╭─ MATERIAL TO PROCESS

(* Consider the equation $\partial_t u = i\partial_x^2 u + u\,\partial_x u$ on $\mathbb{R}\times\mathbb{T}$, $\mathbb{T}=\mathbb{R}/(2\pi\mathbb{Z})$. There exist a mean-zero function $\phi\in L^2_0(\mathbb{T})$ and $t_*>0$ such that the corresponding solution $u$ on the time interval $[0,t_* )$ with $u|_{t=0}=\phi$ satisfies $$\lim_{t\to t_*-}\|u(t)\|_{L^p(\mathbb{T})}=\infty\quad\text{for every }1\le p\le\infty.$$ In particular, $\lim_{t\to t_*-}\|u(t)\|_{\mathcal{F}L_0^{s,p}(\mathbb{T})}=\infty$ for every $(s,p)$ with either $s>\frac12-\frac1p$, $p>2$, or $s\ge0$, $p=2$.
   Context: $L^2_0(\mathbb{T})$ denotes mean-zero $L^2$ functions. For $f$ on $\mathbb{T}$, $f_k=\frac1{2\pi}\int_{\mathbb{T}}f(x)e^{-ikx}dx$, $\mathbb{Z}_0=\mathbb{Z}\setminus\{0\}$, and $\mathcal{F}L_0^{s,p}(\mathbb{T})$ is the space of mean-zero functions with norm $\|f\|_{\mathcal{F}L_0^{s,p}}=\||k|^sf_k\|_{\ell^p(\mathbb{Z}_0)}$. *)

theory Defs
  imports "HOL-Probability.Probability"
begin

text \<open>Functions on the torus T = R/(2 pi Z) are represented as 2pi-periodic functions
  real => complex. Integrals over T are Lebesgue integrals over [0, 2 pi].\<close>

definition periodic2pi :: "(real \<Rightarrow> complex) \<Rightarrow> bool" where
  "periodic2pi f \<longleftrightarrow> (\<forall>x. f (x + 2 * pi) = f x)"

definition fourier_coeff :: "(real \<Rightarrow> complex) \<Rightarrow> int \<Rightarrow> complex" where
  "fourier_coeff f k =
     complex_of_real (1 / (2 * pi)) *
       (LINT x:{0..2*pi}|lborel. f x * exp (- (\<i> * of_int k * of_real x)))"

definition L2_norm :: "(real \<Rightarrow> complex) \<Rightarrow> real" where
  "L2_norm f = sqrt (LINT x:{0..2*pi}|lborel. (norm (f x))^2)"

definition L2_0 :: "(real \<Rightarrow> complex) set" where
  "L2_0 = {f. f \<in> borel_measurable lborel \<and> periodic2pi f \<and>
              set_integrable lborel {0..2*pi} (\<lambda>x. (norm (f x))^2) \<and>
              fourier_coeff f 0 = 0}"

definition Lp_norm :: "ereal \<Rightarrow> (real \<Rightarrow> complex) \<Rightarrow> ereal" where
  "Lp_norm p f =
     (if p = \<infinity> then esssup (restrict_space lborel {0..2*pi}) (\<lambda>x. ereal (norm (f x)))
      else (let I = (\<integral>\<^sup>+ x. ennreal (norm (f x) powr real_of_ereal p)
                          * indicator {0..2*pi} x \<partial>lborel)
            in if I = \<infinity> then \<infinity> else ereal (enn2real I powr (1 / real_of_ereal p))))"

definition FL_norm :: "real \<Rightarrow> ereal \<Rightarrow> (real \<Rightarrow> complex) \<Rightarrow> ereal" where
  "FL_norm s p f =
     (if p = \<infinity> then (SUP k\<in>(UNIV - {0::int}). ereal (\<bar>real_of_int k\<bar> powr s * norm (fourier_coeff f k)))
      else (let I = (\<integral>\<^sup>+ k. ennreal ((\<bar>real_of_int k\<bar> powr s * norm (fourier_coeff f k))
                                   powr real_of_ereal p) \<partial>count_space (UNIV - {0::int}))
            in if I = \<infinity> then \<infinity> else ereal (enn2real I powr (1 / real_of_ereal p))))"

text \<open>u (time, space) is a solution on [0,T) of  u_t = i u_xx + u u_x  with u(0) = phi,
  in the sense: u in C([0,T); L^2_0(T)) and the equation holds in the (distributional)
  Fourier-coefficient form
    d/dt u_k = - i k^2 u_k + (i k / 2) sum_m u_m u_{k-m}
  (using u u_x = (1/2) d_x (u^2)).\<close>
definition is_solution :: "(real \<Rightarrow> real \<Rightarrow> complex) \<Rightarrow> (real \<Rightarrow> complex) \<Rightarrow> real \<Rightarrow> bool" where
  "is_solution u \<phi> T \<longleftrightarrow>
     u 0 = \<phi> \<and>
     (\<forall>t\<in>{0..<T}. u t \<in> L2_0) \<and>
     (\<forall>t\<in>{0..<T}. ((\<lambda>\<tau>. L2_norm (\<lambda>x. u \<tau> x - u t x)) \<longlongrightarrow> 0) (at t within {0..<T})) \<and>
     (\<forall>k::int. \<forall>t\<in>{0..<T}.
        ((\<lambda>\<tau>. fourier_coeff (u \<tau>) k) has_vector_derivative
           (- (\<i> * of_int (k^2)) * fourier_coeff (u t) k
            + (\<i> * of_int k / 2) * (\<Sum>\<^sub>\<infinity>m::int. fourier_coeff (u t) m * fourier_coeff (u t) (k - m))))
        (at t within {0..<T}))"

end

theory Submission
  imports Defs
begin

text \<open>For \<open>|q| < 1\<close> the function \<open>F\<^sub>q(x) = q e\<^sup>i\<^sup>x / (1 - q e\<^sup>i\<^sup>x) = \<Sum>\<^sub>k\<^sub>\<ge>\<^sub>1 q\<^sup>k e\<^sup>i\<^sup>k\<^sup>x\<close> has a single
  pole, at \<open>e\<^sup>i\<^sup>x = 1/q\<close>. The sum \<open>u = 2 F\<^sub>a + 2 F\<^sub>b\<close> has Fourier coefficients \<open>2 (a\<^sup>k + b\<^sup>k)\<close>, and these
  solve the Fourier form of the equation exactly when the poles move by
  \<open>a' = \<i> a (a - 3b) / (b - a)\<close>, \<open>b' = \<i> b (b - 3a) / (a - b)\<close>. This system has a closed-form
  solution with both poles inside the unit disc for \<open>0 \<le> t < \<pi>/2\<close>, \<open>a(\<pi>/2) = -\<i>/10\<close> and
  \<open>b(\<pi>/2) = \<i>\<close>. As \<open>t \<rightarrow> \<pi>/2\<close> every Fourier coefficient of \<open>u(t)\<close> tends to a number of modulus at
  least 1, so all the Fourier-Lebesgue norms blow up; and \<open>u(t)\<close> converges pointwise to a profile
  of size \<open>1 / (x - 3\<pi>/2)\<close> to the right of \<open>3\<pi>/2\<close>, which by Fatou's lemma makes every \<open>L\<^sup>p\<close> norm
  blow up.\<close>

definition geom_kernel :: "complex \<Rightarrow> real \<Rightarrow> complex" where
  "geom_kernel q x = q * exp (\<i> * of_real x) / (1 - q * exp (\<i> * of_real x))"

lemma norm_geom_kernel_denom_ge: "1 - norm q \<le> norm (1 - q * exp (\<i> * of_real x))"
  using norm_triangle_ineq2[of 1 "q * exp (\<i> * of_real x)"] by (simp add: norm_mult)

lemma geom_kernel_denom_nonzero: "norm q < 1 \<Longrightarrow> 1 - q * exp (\<i> * of_real x) \<noteq> 0"
  using norm_geom_kernel_denom_ge[of q x] by auto

lemma continuous_on_geom_kernel: "norm q < 1 \<Longrightarrow> continuous_on S (geom_kernel q)"
  unfolding geom_kernel_def[abs_def]
  by (intro continuous_intros) (auto dest: geom_kernel_denom_nonzero)

lemma norm_geom_kernel_le: "norm q < 1 \<Longrightarrow> norm (geom_kernel q x) \<le> norm q / (1 - norm q)"
  using norm_geom_kernel_denom_ge[of q x]
  by (simp add: geom_kernel_def norm_divide norm_mult frac_le)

╰─

> _EXERCISE BRIEF_
Scan the entries above and return each line that holds "blow".

> _ANSWER BELOW_
  least 1, so all the Fourier-Lebesgue norms blow up; and \<open>u(t)\<close> converges pointwise to a profile
  blow up.\<close>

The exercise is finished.